*REQUIRED WORK:*
Once the data has been read, return all of it precisely as written.

▽

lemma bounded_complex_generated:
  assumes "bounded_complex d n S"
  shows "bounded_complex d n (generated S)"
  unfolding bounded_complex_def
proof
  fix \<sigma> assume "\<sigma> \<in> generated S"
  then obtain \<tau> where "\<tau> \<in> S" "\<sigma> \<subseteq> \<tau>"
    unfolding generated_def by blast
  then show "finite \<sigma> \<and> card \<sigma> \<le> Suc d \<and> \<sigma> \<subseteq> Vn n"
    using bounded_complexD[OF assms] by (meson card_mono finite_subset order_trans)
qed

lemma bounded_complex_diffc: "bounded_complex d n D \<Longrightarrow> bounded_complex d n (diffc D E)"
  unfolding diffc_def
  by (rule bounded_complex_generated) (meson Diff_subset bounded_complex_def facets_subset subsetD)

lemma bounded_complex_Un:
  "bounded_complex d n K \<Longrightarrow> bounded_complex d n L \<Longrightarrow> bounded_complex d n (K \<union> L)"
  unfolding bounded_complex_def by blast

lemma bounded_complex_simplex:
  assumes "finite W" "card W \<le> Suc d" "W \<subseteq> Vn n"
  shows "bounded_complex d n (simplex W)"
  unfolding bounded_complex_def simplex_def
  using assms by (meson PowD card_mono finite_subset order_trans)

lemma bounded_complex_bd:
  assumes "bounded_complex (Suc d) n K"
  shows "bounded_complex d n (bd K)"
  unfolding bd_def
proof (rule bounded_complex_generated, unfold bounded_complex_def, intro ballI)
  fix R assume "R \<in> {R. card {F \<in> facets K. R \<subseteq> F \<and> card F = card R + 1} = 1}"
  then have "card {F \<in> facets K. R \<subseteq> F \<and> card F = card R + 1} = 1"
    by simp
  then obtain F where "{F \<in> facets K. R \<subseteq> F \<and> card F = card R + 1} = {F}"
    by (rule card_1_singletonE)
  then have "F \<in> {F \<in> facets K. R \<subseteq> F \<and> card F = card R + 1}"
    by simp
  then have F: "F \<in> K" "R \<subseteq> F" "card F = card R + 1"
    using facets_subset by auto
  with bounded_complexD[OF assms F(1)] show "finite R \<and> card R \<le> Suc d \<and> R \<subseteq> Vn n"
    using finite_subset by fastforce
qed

△

*RESPONSE TO THIS EXERCISE:*
lemma bounded_complex_generated:
  assumes "bounded_complex d n S"
  shows "bounded_complex d n (generated S)"
  unfolding bounded_complex_def
proof
  fix \<sigma> assume "\<sigma> \<in> generated S"
  then obtain \<tau> where "\<tau> \<in> S" "\<sigma> \<subseteq> \<tau>"
    unfolding generated_def by blast
  then show "finite \<sigma> \<and> card \<sigma> \<le> Suc d \<and> \<sigma> \<subseteq> Vn n"
    using bounded_complexD[OF assms] by (meson card_mono finite_subset order_trans)
qed

lemma bounded_complex_diffc: "bounded_complex d n D \<Longrightarrow> bounded_complex d n (diffc D E)"
  unfolding diffc_def
  by (rule bounded_complex_generated) (meson Diff_subset bounded_complex_def facets_subset subsetD)

lemma bounded_complex_Un:
  "bounded_complex d n K \<Longrightarrow> bounded_complex d n L \<Longrightarrow> bounded_complex d n (K \<union> L)"
  unfolding bounded_complex_def by blast

lemma bounded_complex_simplex:
  assumes "finite W" "card W \<le> Suc d" "W \<subseteq> Vn n"
  shows "bounded_complex d n (simplex W)"
  unfolding bounded_complex_def simplex_def
  using assms by (meson PowD card_mono finite_subset order_trans)

lemma bounded_complex_bd:
  assumes "bounded_complex (Suc d) n K"
  shows "bounded_complex d n (bd K)"
  unfolding bd_def
proof (rule bounded_complex_generated, unfold bounded_complex_def, intro ballI)
  fix R assume "R \<in> {R. card {F \<in> facets K. R \<subseteq> F \<and> card F = card R + 1} = 1}"
  then have "card {F \<in> facets K. R \<subseteq> F \<and> card F = card R + 1} = 1"
    by simp
  then obtain F where "{F \<in> facets K. R \<subseteq> F \<and> card F = card R + 1} = {F}"
    by (rule card_1_singletonE)
  then have "F \<in> {F \<in> facets K. R \<subseteq> F \<and> card F = card R + 1}"
    by simp
  then have F: "F \<in> K" "R \<subseteq> F" "card F = card R + 1"
    using facets_subset by auto
  with bounded_complexD[OF assms F(1)] show "finite R \<and> card R \<le> Suc d \<and> R \<subseteq> Vn n"
    using finite_subset by fastforce
qed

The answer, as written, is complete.